This article looks at a number of excellent books that have found a way to deal with the topic without being too dark. As the author says, “Death and bereavement are difficult facts for parents to teach small children, made harder still if they are grieving themselves. But many authors have found elegant ways to start the process.”
It is inevitable that a large percentage of toddlers and pre-schoolers will be faced with loss such as the loss of a pet, a grandparent or even a parent. This is the time when a well chosen book can speak volumes.

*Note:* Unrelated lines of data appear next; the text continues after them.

(* Let $n\ge 3$ and $\Delta,\Delta'\in\mathcal{P}_n$, and suppose there is $i\in\mathbb{Z}_n$ such that: $lab_\Delta((i+1,i))=lab_{\Delta'}((i+1,i))=\ominus$; $lab_\Delta((i-1,i))\neq lab_{\Delta'}((i-1,i))$; and $lab_\Delta((j_1,j_2))=lab_{\Delta'}((j_1,j_2))$ for every arc $(j_1,j_2)\neq(i-1,i)$ of the form $(j,j+1)$ or $(j+1,j)$, $j\in\mathbb{Z}_n$. Then $f^{(\Delta)}_{8,n}=f^{(\Delta')}_{8,n}$.
   Context: Cells are indexed by $\mathbb{Z}_n=\{0,\dots,n-1\}$, indices modulo $n$. Rule $8$ has local rule $r_8(x_1,x_2,x_3)=\neg x_1\wedge x_2\wedge x_3$ and global function $f_{8,n}(x)_i=r_8(x_{i-1},x_i,x_{i+1})$. An update schedule is an ordered partition $\Delta=(\Delta_1,\dots,\Delta_k)$ of $\mathbb{Z}_n$ into nonempty blocks; $\mathcal{P}_n$ is the set of them. For a block $B$ let $f^{(B)}(x)_i=f_{8,n}(x)_i$ if $i\in B$ and $x_i$ otherwise; $f^{(\Delta)}_{8,n}=f^{(\Delta_k)}\circ\cdots\circ f^{(\Delta_1)}$. (The paper states the conclusion as equality of the transition digraphs with arcs $(x,f^{(\Delta)}_{8,n}(x))$, equivalent to equality of the maps.) For $u,v\in\mathbb{Z}_n$ with $u\in\Delta_a$, $v\in\Delta_b$, $lab_\Delta((u,v))=\oplus$ if $b\le a$ and $\ominus$ if $a<b$. *)

theory Defs
  imports Main
begin

text \<open>Cells are 0..n-1 (indices modulo n); a configuration is a function nat => bool
  (cells outside 0..n-1 are never touched by the dynamics).\<close>

definition r8 :: "bool \<Rightarrow> bool \<Rightarrow> bool \<Rightarrow> bool" where
  "r8 x1 x2 x3 = (\<not> x1 \<and> x2 \<and> x3)"

definition f8 :: "nat \<Rightarrow> (nat \<Rightarrow> bool) \<Rightarrow> nat \<Rightarrow> bool" where
  "f8 n x i = r8 (x ((i + n - 1) mod n)) (x i) (x ((i + 1) mod n))"

definition block_update :: "nat \<Rightarrow> nat set \<Rightarrow> (nat \<Rightarrow> bool) \<Rightarrow> (nat \<Rightarrow> bool)" where
  "block_update n B x = (\<lambda>i. if i \<in> B then f8 n x i else x i)"

text \<open>f^(Delta) = f^(Delta_k) o ... o f^(Delta_1): fold applies the first block first.\<close>
definition sched_update :: "nat \<Rightarrow> nat set list \<Rightarrow> (nat \<Rightarrow> bool) \<Rightarrow> (nat \<Rightarrow> bool)" where
  "sched_update n D = fold (block_update n) D"

definition ordered_partition :: "nat \<Rightarrow> nat set list \<Rightarrow> bool" where
  "ordered_partition n D \<longleftrightarrow>
     (\<forall>B\<in>set D. B \<noteq> {}) \<and>
     (\<forall>a<length D. \<forall>b<length D. a \<noteq> b \<longrightarrow> D ! a \<inter> D ! b = {}) \<and>
     \<Union>(set D) = {..<n}"

definition blk :: "nat set list \<Rightarrow> nat \<Rightarrow> nat" where
  "blk D u = (THE a. a < length D \<and> u \<in> D ! a)"

datatype label = Plus | Minus

definition lab :: "nat set list \<Rightarrow> nat \<Rightarrow> nat \<Rightarrow> label" where
  "lab D u v = (if blk D v \<le> blk D u then Plus else Minus)"

end

theory Submission
  imports Defs
begin

text \<open>Under a block-sequential schedule the new value of cell \<open>v\<close> is \<open>r8\<close> applied to its
  neighbours, where a neighbour contributes its new value exactly when it lies in an earlier block,
  i.e. when its arc into \<open>v\<close> is labelled \<open>\<ominus>\<close>. By induction on the block of \<open>v\<close>, the labels
  of the arcs into all cells outside a set \<open>C\<close> therefore determine the dynamics, provided the
  schedules already agree on \<open>C\<close>. Here \<open>C = {i}\<close>: if \<open>i + 1\<close> is updated before \<open>i\<close>, cell \<open>i\<close>
  always becomes \<open>False\<close>, since a new value \<open>True\<close> at \<open>i + 1\<close> forces the old value at \<open>i\<close> to be
  \<open>False\<close>. So the label of \<open>(i - 1, i)\<close> is irrelevant.\<close>

lemma mod_Suc_pred_mod:
  fixes v n :: nat
  assumes "v < n" shows "((v + n - 1) mod n + 1) mod n = v"
proof (cases v)
  case 0 with assms show ?thesis by simp
next
  case (Suc w) with assms show ?thesis by simp
qed

lemma mod_pred_Suc_mod:
  fixes v n :: nat
  assumes "v < n" shows "((v + 1) mod n + n - 1) mod n = v"
  using assms by (cases "v + 1 = n") simp_all

lemma blk_eqI:
  assumes "ordered_partition n D" and "a < length D" and "u \<in> D ! a"
  shows "blk D u = a"
  unfolding blk_def
proof (rule the_equality)
  fix b assume "b < length D \<and> u \<in> D ! b"
  with assms show "b = a" unfolding ordered_partition_def by blast
qed (use assms in simp)

lemma blk_less_length_and_mem:
  assumes "ordered_partition n D" and "u < n"
  shows "blk D u < length D \<and> u \<in> D ! blk D u"
proof -
  have "u \<in> \<Union>(set D)" using assms unfolding ordered_partition_def by auto
  then obtain a where "a < length D" "u \<in> D ! a" by (auto simp: in_set_conv_nth)
  with blk_eqI[OF assms(1)] show ?thesis by simp
qed

lemma lab_Minus_iff: "lab D u v = Minus \<longleftrightarrow> blk D u < blk D v"
  by (simp add: lab_def)

lemma lab_eq_iff: "lab D u v = lab D' u v \<longleftrightarrow> (blk D u < blk D v \<longleftrightarrow> blk D' u < blk D' v)"
  by (auto simp: lab_def)

lemma sched_update_outside:
  assumes "ordered_partition n D" and "\<not> u < n"
  shows "sched_update n D x u = x u"
proof -
  have fold_outside: "\<forall>B\<in>set L. u \<notin> B \<Longrightarrow> fold (block_update n) L x u = x u" for L
    by (induction L arbitrary: x) (auto simp: block_update_def)
  have "\<forall>B\<in>set D. u \<notin> B" using assms unfolding ordered_partition_def by auto
  then show ?thesis unfolding sched_update_def by (rule fold_outside)
qed

lemma fold_block_update_take_Suc:
  "k < length D \<Longrightarrow> fold (block_update n) (take (Suc k) D) x
     = block_update n (D ! k) (fold (block_update n) (take k D) x)"
  by (simp add: take_Suc_conv_app_nth)

lemma fold_block_update_take:
  assumes "ordered_partition n D" and "u < n" and "k \<le> length D"
  shows "fold (block_update n) (take k D) x u =
    (if k \<le> blk D u then x u else sched_update n D x u)"
proof -
  have upto_own_block: "fold (block_update n) (take k D) x u =
    (if k \<le> blk D u then x u else fold (block_update n) (take (Suc (blk D u)) D) x u)"
    if "k \<le> length D" for k
    using that
  proof (induction k)
    case (Suc k)
    then have k: "k < length D" by simp
    show ?case
    proof (cases "k = blk D u")
      case False
      then have "u \<notin> D ! k" using blk_eqI[OF assms(1) k] by blast
      then have "fold (block_update n) (take (Suc k) D) x u = fold (block_update n) (take k D) x u"
        using fold_block_update_take_Suc[OF k] by (simp add: block_update_def)
      with Suc k False show ?thesis by auto
    qed simp
  qed simp
  have "blk D u < length D" using blk_less_length_and_mem[OF assms(1,2)] ..
  then have "sched_update n D x u = fold (block_update n) (take (Suc (blk D u)) D) x u"
    using upto_own_block[of "length D"] by (simp add: sched_update_def)
  with upto_own_block[OF assms(3)] show ?thesis by simp
qed

lemma sched_update_eq_r8:
  assumes D: "ordered_partition n D" and v: "v < n"
  shows "sched_update n D x v = r8
     (if blk D ((v + n - 1) mod n) < blk D v
      then sched_update n D x ((v + n - 1) mod n) else x ((v + n - 1) mod n))
     (x v)
     (if blk D ((v + 1) mod n) < blk D v
      then sched_update n D x ((v + 1) mod n) else x ((v + 1) mod n))"
proof -
  let ?before = "fold (block_update n) (take (blk D v) D) x"
  have v_blk: "blk D v < length D" "v \<in> D ! blk D v"
    using blk_less_length_and_mem[OF D v] by auto
  have before: "?before u = (if blk D u < blk D v then sched_update n D x u else x u)"
    if "u < n" for u
    using fold_block_update_take[OF D that, of "blk D v"] v_blk by auto
  have "sched_update n D x v = fold (block_update n) (take (Suc (blk D v)) D) x v"
    using fold_block_update_take[OF D v, of "Suc (blk D v)"] v_blk by simp
  also have "\<dots> = f8 n ?before v"
    using v_blk by (simp add: fold_block_update_take_Suc block_update_def)
  finally show ?thesis
    using before v by (simp add: f8_def)
qed

lemma sched_update_eqI:
  assumes D: "ordered_partition n D" and D': "ordered_partition n D'"
    and agree: "\<And>v x. v \<in> C \<Longrightarrow> sched_update n D x v = sched_update n D' x v"
    and lab_pred: "\<And>v. v < n \<Longrightarrow> v \<notin> C \<Longrightarrow>
      lab D ((v + n - 1) mod n) v = lab D' ((v + n - 1) mod n) v"
    and lab_succ: "\<And>v. v < n \<Longrightarrow> v \<notin> C \<Longrightarrow>
      lab D ((v + 1) mod n) v = lab D' ((v + 1) mod n) v"
  shows "sched_update n D = sched_update n D'"
proof (intro ext)
  fix x v
  have by_block: "\<forall>v<n. blk D v = m \<longrightarrow> sched_update n D x v = sched_update n D' x v" for m
  proof (induction m rule: less_induct)
    case (less m)
    show ?case
    proof (intro allI impI)
      fix v assume v: "v < n" and m: "blk D v = m"
      have IH: "sched_update n D x u = sched_update n D' x u"
        if "u < n" "blk D u < blk D v" for u
        using less.IH[of "blk D u", rule_format, of u] that m by simp
      show "sched_update n D x v = sched_update n D' x v"
      proof (cases "v \<in> C")
        case False
        let ?p = "(v + n - 1) mod n" and ?s = "(v + 1) mod n"
        have "blk D ?p < blk D v \<longleftrightarrow> blk D' ?p < blk D' v"
          "blk D ?s < blk D v \<longleftrightarrow> blk D' ?s < blk D' v"
          using lab_pred[OF v False] lab_succ[OF v False] by (simp_all only: lab_eq_iff)
        moreover have "?p < n" "?s < n" using v by auto
        ultimately have
          "(if blk D ?p < blk D v then sched_update n D x ?p else x ?p) =
           (if blk D' ?p < blk D' v then sched_update n D' x ?p else x ?p)"
          "(if blk D ?s < blk D v then sched_update n D x ?s else x ?s) =
           (if blk D' ?s < blk D' v then sched_update n D' x ?s else x ?s)"
          using IH by auto
        then show ?thesis
          by (simp only: sched_update_eq_r8[OF D v] sched_update_eq_r8[OF D' v])
      qed (use agree in blast)
    qed
  qed
  show "sched_update n D x v = sched_update n D' x v"
  proof (cases "v < n")
    case True
    then show ?thesis using by_block[of "blk D v"] by blast
  next
    case False
    then show ?thesis using sched_update_outside[OF D] sched_update_outside[OF D'] by simp
  qed
qed

lemma sched_update_eq_False:
  assumes D: "ordered_partition n D" and i: "i < n"
    and "lab D ((i + 1) mod n) i = Minus"
  shows "sched_update n D x i = False"
proof -
  have earlier: "blk D ((i + 1) mod n) < blk D i" using assms(3) by (simp add: lab_Minus_iff)
  have "(i + 1) mod n < n" using i by simp
  then have "sched_update n D x ((i + 1) mod n) \<longrightarrow> \<not> x i"
    using sched_update_eq_r8[OF D, of "(i + 1) mod n" x] earlier mod_pred_Suc_mod[OF i]
    by (simp add: r8_def)
  then show ?thesis
    using sched_update_eq_r8[OF D i, of x] earlier by (auto simp: r8_def)
qed

theorem mainTheorem15:
  fixes n i :: nat and D D' :: "nat set list"
  assumes "n \<ge> 3"
    and "ordered_partition n D" and "ordered_partition n D'"
    and "i < n"
    and "lab D ((i + 1) mod n) i = Minus" and "lab D' ((i + 1) mod n) i = Minus"
    and "lab D ((i + n - 1) mod n) i \<noteq> lab D' ((i + n - 1) mod n) i"
    and "\<forall>j<n. (j, (j + 1) mod n) \<noteq> ((i + n - 1) mod n, i) \<longrightarrow>
                lab D j ((j + 1) mod n) = lab D' j ((j + 1) mod n)"
    and "\<forall>j<n. ((j + 1) mod n, j) \<noteq> ((i + n - 1) mod n, i) \<longrightarrow>
                lab D ((j + 1) mod n) j = lab D' ((j + 1) mod n) j"
  shows "sched_update n D = sched_update n D'"
proof (rule sched_update_eqI[OF assms(2,3), where C = "{i}"])
  show "sched_update n D x v = sched_update n D' x v" if "v \<in> {i}" for v x
    using that sched_update_eq_False[OF assms(2,4,5)] sched_update_eq_False[OF assms(3,4,6)]
    by simp
next
  fix v assume v: "v < n" and "v \<notin> {i}"
  then have "((v + 1) mod n, v) \<noteq> ((i + n - 1) mod n, i)" by simp
  with v show "lab D ((v + 1) mod n) v = lab D' ((v + 1) mod n) v"
    using assms(9) by blast
  let ?p = "(v + n - 1) mod n"
  have "?p < n" and "(?p, (?p + 1) mod n) \<noteq> ((i + n - 1) mod n, i)"
    using v \<open>v \<notin> {i}\<close> mod_Suc_pred_mod[OF v] by simp_all
  then have "lab D ?p ((?p + 1) mod n) = lab D' ?p ((?p + 1) mod n)"
    using assms(8) by blast
  then show "lab D ?p v = lab D' ?p v"
    by (simp only: mod_Suc_pred_mod[OF v])
qed

end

Books the author reviews include Is Daddy Coming Back In A Minute? and What happened to Daddy’s body? both by Elke Becker in which Becker uses her son’s own words to ask and answer questions about death and deal with the reality of burial cremation.
Russell Williams recommends Rebecca Cobb’s Missing Mummy, for the youngest children, and, Holly Webb’s A Tiger Tale, for slightly older readers both of which focus on children’s fears, curiosity and feelings of being cut adrift.
The German book Duck, Death and the Tulip, by Wolf Erlbruch in which Duck becomes aware that the rather lonely and friendless figure of Death is following her is also reviewed. In this book Duck begins talking to Death about the afterlife and what will happen to her after she dies. When she does die he tends to her body, placing it gently in the river which carries it away.